#### WHAT IS REQUIRED:
Extract every line below, verbatim.

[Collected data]
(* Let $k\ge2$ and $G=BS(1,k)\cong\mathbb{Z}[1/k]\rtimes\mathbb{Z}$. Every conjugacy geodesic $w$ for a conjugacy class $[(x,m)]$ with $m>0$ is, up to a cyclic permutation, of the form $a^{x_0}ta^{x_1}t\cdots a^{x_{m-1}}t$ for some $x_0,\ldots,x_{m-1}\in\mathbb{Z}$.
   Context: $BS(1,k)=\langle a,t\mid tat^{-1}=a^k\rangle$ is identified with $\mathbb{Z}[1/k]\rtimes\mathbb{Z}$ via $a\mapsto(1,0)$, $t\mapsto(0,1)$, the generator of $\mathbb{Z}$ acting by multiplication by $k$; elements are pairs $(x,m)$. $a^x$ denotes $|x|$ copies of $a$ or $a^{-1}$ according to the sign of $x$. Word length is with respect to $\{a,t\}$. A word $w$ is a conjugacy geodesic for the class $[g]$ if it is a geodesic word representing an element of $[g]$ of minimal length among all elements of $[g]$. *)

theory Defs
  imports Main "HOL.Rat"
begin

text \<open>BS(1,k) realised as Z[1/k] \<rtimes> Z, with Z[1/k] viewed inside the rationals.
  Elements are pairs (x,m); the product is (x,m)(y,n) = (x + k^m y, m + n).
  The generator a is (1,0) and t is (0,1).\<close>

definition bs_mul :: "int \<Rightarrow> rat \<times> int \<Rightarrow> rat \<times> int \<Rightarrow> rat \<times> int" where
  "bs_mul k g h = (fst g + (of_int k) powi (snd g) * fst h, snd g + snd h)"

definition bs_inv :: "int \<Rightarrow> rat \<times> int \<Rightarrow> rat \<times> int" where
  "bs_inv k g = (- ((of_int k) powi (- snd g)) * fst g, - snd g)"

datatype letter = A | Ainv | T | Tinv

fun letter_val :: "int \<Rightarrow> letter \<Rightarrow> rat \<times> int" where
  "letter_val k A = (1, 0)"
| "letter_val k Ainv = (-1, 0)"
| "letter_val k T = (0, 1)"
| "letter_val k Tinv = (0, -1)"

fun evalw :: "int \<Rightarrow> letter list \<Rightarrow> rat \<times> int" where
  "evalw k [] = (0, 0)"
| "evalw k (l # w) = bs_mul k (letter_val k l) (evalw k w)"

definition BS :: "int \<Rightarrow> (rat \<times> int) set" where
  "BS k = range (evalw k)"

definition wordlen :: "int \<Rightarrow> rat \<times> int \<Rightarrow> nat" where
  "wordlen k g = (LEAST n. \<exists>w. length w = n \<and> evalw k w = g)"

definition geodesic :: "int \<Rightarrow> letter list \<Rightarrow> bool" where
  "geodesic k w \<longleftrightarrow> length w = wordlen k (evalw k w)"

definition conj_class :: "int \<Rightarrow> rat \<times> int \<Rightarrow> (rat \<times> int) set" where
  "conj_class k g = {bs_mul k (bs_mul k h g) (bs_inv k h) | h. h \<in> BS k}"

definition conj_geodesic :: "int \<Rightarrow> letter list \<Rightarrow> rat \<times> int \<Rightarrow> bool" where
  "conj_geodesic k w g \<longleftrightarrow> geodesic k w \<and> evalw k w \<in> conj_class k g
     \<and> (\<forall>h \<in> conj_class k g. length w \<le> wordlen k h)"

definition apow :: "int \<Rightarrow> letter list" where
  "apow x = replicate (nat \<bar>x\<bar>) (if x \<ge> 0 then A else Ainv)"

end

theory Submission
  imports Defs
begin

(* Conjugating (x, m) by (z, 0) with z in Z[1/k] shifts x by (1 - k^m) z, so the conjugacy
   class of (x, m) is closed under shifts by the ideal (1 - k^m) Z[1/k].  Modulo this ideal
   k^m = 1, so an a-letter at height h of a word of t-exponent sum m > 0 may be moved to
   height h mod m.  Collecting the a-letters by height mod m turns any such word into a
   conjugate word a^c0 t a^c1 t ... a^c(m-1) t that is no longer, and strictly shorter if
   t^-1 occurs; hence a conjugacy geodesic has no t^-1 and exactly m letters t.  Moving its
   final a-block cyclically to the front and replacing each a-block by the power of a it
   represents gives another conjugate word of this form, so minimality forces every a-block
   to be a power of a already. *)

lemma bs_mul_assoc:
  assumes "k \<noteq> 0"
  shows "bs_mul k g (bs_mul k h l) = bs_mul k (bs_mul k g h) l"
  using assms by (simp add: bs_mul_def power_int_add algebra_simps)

#### WRITTEN RESPONSE:
(* Let $k\ge2$ and $G=BS(1,k)\cong\mathbb{Z}[1/k]\rtimes\mathbb{Z}$. Every conjugacy geodesic $w$ for a conjugacy class $[(x,m)]$ with $m>0$ is, up to a cyclic permutation, of the form $a^{x_0}ta^{x_1}t\cdots a^{x_{m-1}}t$ for some $x_0,\ldots,x_{m-1}\in\mathbb{Z}$.
   Context: $BS(1,k)=\langle a,t\mid tat^{-1}=a^k\rangle$ is identified with $\mathbb{Z}[1/k]\rtimes\mathbb{Z}$ via $a\mapsto(1,0)$, $t\mapsto(0,1)$, the generator of $\mathbb{Z}$ acting by multiplication by $k$; elements are pairs $(x,m)$. $a^x$ denotes $|x|$ copies of $a$ or $a^{-1}$ according to the sign of $x$. Word length is with respect to $\{a,t\}$. A word $w$ is a conjugacy geodesic for the class $[g]$ if it is a geodesic word representing an element of $[g]$ of minimal length among all elements of $[g]$. *)

theory Defs
  imports Main "HOL.Rat"
begin

text \<open>BS(1,k) realised as Z[1/k] \<rtimes> Z, with Z[1/k] viewed inside the rationals.
  Elements are pairs (x,m); the product is (x,m)(y,n) = (x + k^m y, m + n).
  The generator a is (1,0) and t is (0,1).\<close>

definition bs_mul :: "int \<Rightarrow> rat \<times> int \<Rightarrow> rat \<times> int \<Rightarrow> rat \<times> int" where
  "bs_mul k g h = (fst g + (of_int k) powi (snd g) * fst h, snd g + snd h)"

definition bs_inv :: "int \<Rightarrow> rat \<times> int \<Rightarrow> rat \<times> int" where
  "bs_inv k g = (- ((of_int k) powi (- snd g)) * fst g, - snd g)"

datatype letter = A | Ainv | T | Tinv

fun letter_val :: "int \<Rightarrow> letter \<Rightarrow> rat \<times> int" where
  "letter_val k A = (1, 0)"
| "letter_val k Ainv = (-1, 0)"
| "letter_val k T = (0, 1)"
| "letter_val k Tinv = (0, -1)"

fun evalw :: "int \<Rightarrow> letter list \<Rightarrow> rat \<times> int" where
  "evalw k [] = (0, 0)"
| "evalw k (l # w) = bs_mul k (letter_val k l) (evalw k w)"

definition BS :: "int \<Rightarrow> (rat \<times> int) set" where
  "BS k = range (evalw k)"

definition wordlen :: "int \<Rightarrow> rat \<times> int \<Rightarrow> nat" where
  "wordlen k g = (LEAST n. \<exists>w. length w = n \<and> evalw k w = g)"

definition geodesic :: "int \<Rightarrow> letter list \<Rightarrow> bool" where
  "geodesic k w \<longleftrightarrow> length w = wordlen k (evalw k w)"

definition conj_class :: "int \<Rightarrow> rat \<times> int \<Rightarrow> (rat \<times> int) set" where
  "conj_class k g = {bs_mul k (bs_mul k h g) (bs_inv k h) | h. h \<in> BS k}"

definition conj_geodesic :: "int \<Rightarrow> letter list \<Rightarrow> rat \<times> int \<Rightarrow> bool" where
  "conj_geodesic k w g \<longleftrightarrow> geodesic k w \<and> evalw k w \<in> conj_class k g
     \<and> (\<forall>h \<in> conj_class k g. length w \<le> wordlen k h)"

definition apow :: "int \<Rightarrow> letter list" where
  "apow x = replicate (nat \<bar>x\<bar>) (if x \<ge> 0 then A else Ainv)"

end

theory Submission
  imports Defs
begin

(* Conjugating (x, m) by (z, 0) with z in Z[1/k] shifts x by (1 - k^m) z, so the conjugacy
   class of (x, m) is closed under shifts by the ideal (1 - k^m) Z[1/k].  Modulo this ideal
   k^m = 1, so an a-letter at height h of a word of t-exponent sum m > 0 may be moved to
   height h mod m.  Collecting the a-letters by height mod m turns any such word into a
   conjugate word a^c0 t a^c1 t ... a^c(m-1) t that is no longer, and strictly shorter if
   t^-1 occurs; hence a conjugacy geodesic has no t^-1 and exactly m letters t.  Moving its
   final a-block cyclically to the front and replacing each a-block by the power of a it
   represents gives another conjugate word of this form, so minimality forces every a-block
   to be a power of a already. *)

lemma bs_mul_assoc:
  assumes "k \<noteq> 0"
  shows "bs_mul k g (bs_mul k h l) = bs_mul k (bs_mul k g h) l"
  using assms by (simp add: bs_mul_def power_int_add algebra_simps)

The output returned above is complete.